Given data
(* Let $d\ge 2$, $n\ge d+2$, and let $\mathcal{F}$, $B_i$, $\mathcal{X}_v$ be as in the context. For every $v\in[n]$, the family $\mathcal{X}_v\subseteq\binom{[n]\setminus\{v\}}{d}$ has VC-dimension at most $d-1$; consequently $|\mathcal{X}_v|\le\binom{n-1}{d-1}$.
   Context: Let $\mathcal{F}=\{F_1,\dots,F_m\}\subseteq\binom{[n]}{d+1}$ consist of distinct sets and have VC-dimension at most $d$ (no $(d+1)$-set $S$ is shattered, i.e. no $S$ such that every $A\subseteq S$ equals $F\cap S$ for some $F\in\mathcal{F}$). For $i\in[m]$, call $B\subsetneq F_i$ admissible for $F_i$ if $F\cap F_i\neq B$ for every $F\in\mathcal{F}$ (admissible sets exist by the VC-dimension assumption). For each $i$, $B_i$ is a fixed admissible set for $F_i$ of maximum cardinality among all admissible sets for $F_i$. For $v\in[n]$, $\mathcal{X}_v:=\{F_k\setminus\{v\}: k\in[m],\ v\in B_k\}$. *)

theory Defs
  imports Main
begin

definition shatters :: "'a set set \<Rightarrow> 'a set \<Rightarrow> bool" where
  "shatters Fs S \<longleftrightarrow> (\<forall>A \<subseteq> S. \<exists>F\<in>Fs. F \<inter> S = A)"

definition vc_dim_le :: "'a set set \<Rightarrow> nat \<Rightarrow> bool" where
  "vc_dim_le Fs d \<longleftrightarrow> (\<forall>S. finite S \<and> card S = d + 1 \<longrightarrow> \<not> shatters Fs S)"

definition admissible :: "'a set set \<Rightarrow> 'a set \<Rightarrow> 'a set \<Rightarrow> bool" where
  "admissible Fs Fi B \<longleftrightarrow> B \<subset> Fi \<and> (\<forall>F\<in>Fs. F \<inter> Fi \<noteq> B)"

end

theory Submission
  imports Defs "HOL-Library.Function_Algebras" Complex_Main
begin

text \<open>
  If a d-set S were shattered by the link family X, then S itself would be a member F k - {v}
  with v \<in> B k, and the trace B k - {v} would be cut out by some F j - {v} with v \<in> F j; this
  gives F j \<inter> F k = B k, contradicting admissibility. The cardinality bound is the Frankl-Pach
  theorem: map each k-set to the indicator of its (k-1)-subsets. Having more sets than
  (|\<Omega>| choose k-1) yields a nontrivial linear relation c, whose up-sums vanish on every set
  of size at most k-1 by double counting. For T with c T \<noteq> 0, inclusion-exclusion then shows
  that every trace sum on T has absolute value |c T| \<noteq> 0, so T is shattered.
\<close>

definition up_sum :: "'a set set \<Rightarrow> ('a set \<Rightarrow> real) \<Rightarrow> 'a set \<Rightarrow> real" where
  "up_sum X c H = (\<Sum>F\<in>X. if H \<subseteq> F then c F else 0)"

definition trace_sum :: "'a set set \<Rightarrow> ('a set \<Rightarrow> real) \<Rightarrow> 'a set \<Rightarrow> 'a set \<Rightarrow> real" where
  "trace_sum X c R A = (\<Sum>F\<in>X. if F \<inter> R = A then c F else 0)"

Work item
Taking the line with "Fi B \<longleftrightarrow>" as the first and the line with "(|\<Omega>| choose k-1)" as the last, retype that stretch of the data above exactly, with no other lines.

Response for this exercise
  "admissible Fs Fi B \<longleftrightarrow> B \<subset> Fi \<and> (\<forall>F\<in>Fs. F \<inter> Fi \<noteq> B)"

end

theory Submission
  imports Defs "HOL-Library.Function_Algebras" Complex_Main
begin

text \<open>
  If a d-set S were shattered by the link family X, then S itself would be a member F k - {v}
  with v \<in> B k, and the trace B k - {v} would be cut out by some F j - {v} with v \<in> F j; this
  gives F j \<inter> F k = B k, contradicting admissibility. The cardinality bound is the Frankl-Pach
  theorem: map each k-set to the indicator of its (k-1)-subsets. Having more sets than
  (|\<Omega>| choose k-1) yields a nontrivial linear relation c, whose up-sums vanish on every set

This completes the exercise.